◆ **Problem requirements**
Copy each line in the data below that contains the word "noteq".

◆ **Exercise input**

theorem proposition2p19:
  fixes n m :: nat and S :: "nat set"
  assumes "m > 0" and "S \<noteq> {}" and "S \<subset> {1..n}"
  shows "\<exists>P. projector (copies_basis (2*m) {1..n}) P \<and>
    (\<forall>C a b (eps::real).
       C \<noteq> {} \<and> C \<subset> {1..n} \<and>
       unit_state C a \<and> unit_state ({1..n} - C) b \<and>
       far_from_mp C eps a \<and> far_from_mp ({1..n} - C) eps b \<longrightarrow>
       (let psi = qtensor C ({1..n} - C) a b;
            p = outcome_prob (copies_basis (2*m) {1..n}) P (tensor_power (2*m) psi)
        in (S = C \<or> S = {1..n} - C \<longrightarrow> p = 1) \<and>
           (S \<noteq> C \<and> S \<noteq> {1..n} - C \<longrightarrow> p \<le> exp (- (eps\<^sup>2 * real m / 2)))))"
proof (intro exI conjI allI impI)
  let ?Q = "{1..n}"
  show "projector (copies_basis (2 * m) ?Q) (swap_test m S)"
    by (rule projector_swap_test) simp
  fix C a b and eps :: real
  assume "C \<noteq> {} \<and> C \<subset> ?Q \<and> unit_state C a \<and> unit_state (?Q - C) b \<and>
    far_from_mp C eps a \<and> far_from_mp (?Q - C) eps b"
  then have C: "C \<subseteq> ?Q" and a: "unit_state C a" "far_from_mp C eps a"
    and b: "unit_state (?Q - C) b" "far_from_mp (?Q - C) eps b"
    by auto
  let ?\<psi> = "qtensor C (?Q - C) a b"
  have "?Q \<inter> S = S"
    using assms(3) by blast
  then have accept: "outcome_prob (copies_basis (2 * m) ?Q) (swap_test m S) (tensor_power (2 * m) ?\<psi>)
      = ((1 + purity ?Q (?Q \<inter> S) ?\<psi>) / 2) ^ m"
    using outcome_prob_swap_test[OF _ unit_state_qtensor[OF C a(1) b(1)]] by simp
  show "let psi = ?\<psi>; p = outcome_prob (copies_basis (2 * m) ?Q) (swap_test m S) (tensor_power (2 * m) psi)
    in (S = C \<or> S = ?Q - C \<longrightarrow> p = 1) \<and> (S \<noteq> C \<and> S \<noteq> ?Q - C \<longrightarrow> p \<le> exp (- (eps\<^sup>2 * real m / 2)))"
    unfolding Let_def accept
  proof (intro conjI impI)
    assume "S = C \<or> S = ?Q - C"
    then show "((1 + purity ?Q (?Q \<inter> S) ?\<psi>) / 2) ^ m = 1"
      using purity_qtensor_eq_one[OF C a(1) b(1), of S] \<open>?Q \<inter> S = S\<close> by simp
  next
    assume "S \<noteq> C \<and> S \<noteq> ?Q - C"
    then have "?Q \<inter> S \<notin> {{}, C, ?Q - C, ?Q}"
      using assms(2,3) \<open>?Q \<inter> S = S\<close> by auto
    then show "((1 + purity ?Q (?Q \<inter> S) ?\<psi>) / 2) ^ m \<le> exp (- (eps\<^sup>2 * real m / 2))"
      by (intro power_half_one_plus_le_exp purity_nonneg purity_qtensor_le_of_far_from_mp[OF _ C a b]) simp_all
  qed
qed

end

◆ **Solution to this problem**
  assumes "m > 0" and "S \<noteq> {}" and "S \<subset> {1..n}"
       C \<noteq> {} \<and> C \<subset> {1..n} \<and>
           (S \<noteq> C \<and> S \<noteq> {1..n} - C \<longrightarrow> p \<le> exp (- (eps\<^sup>2 * real m / 2)))))"
  assume "C \<noteq> {} \<and> C \<subset> ?Q \<and> unit_state C a \<and> unit_state (?Q - C) b \<and>
    in (S = C \<or> S = ?Q - C \<longrightarrow> p = 1) \<and> (S \<noteq> C \<and> S \<noteq> ?Q - C \<longrightarrow> p \<le> exp (- (eps\<^sup>2 * real m / 2)))"
    assume "S \<noteq> C \<and> S \<noteq> ?Q - C"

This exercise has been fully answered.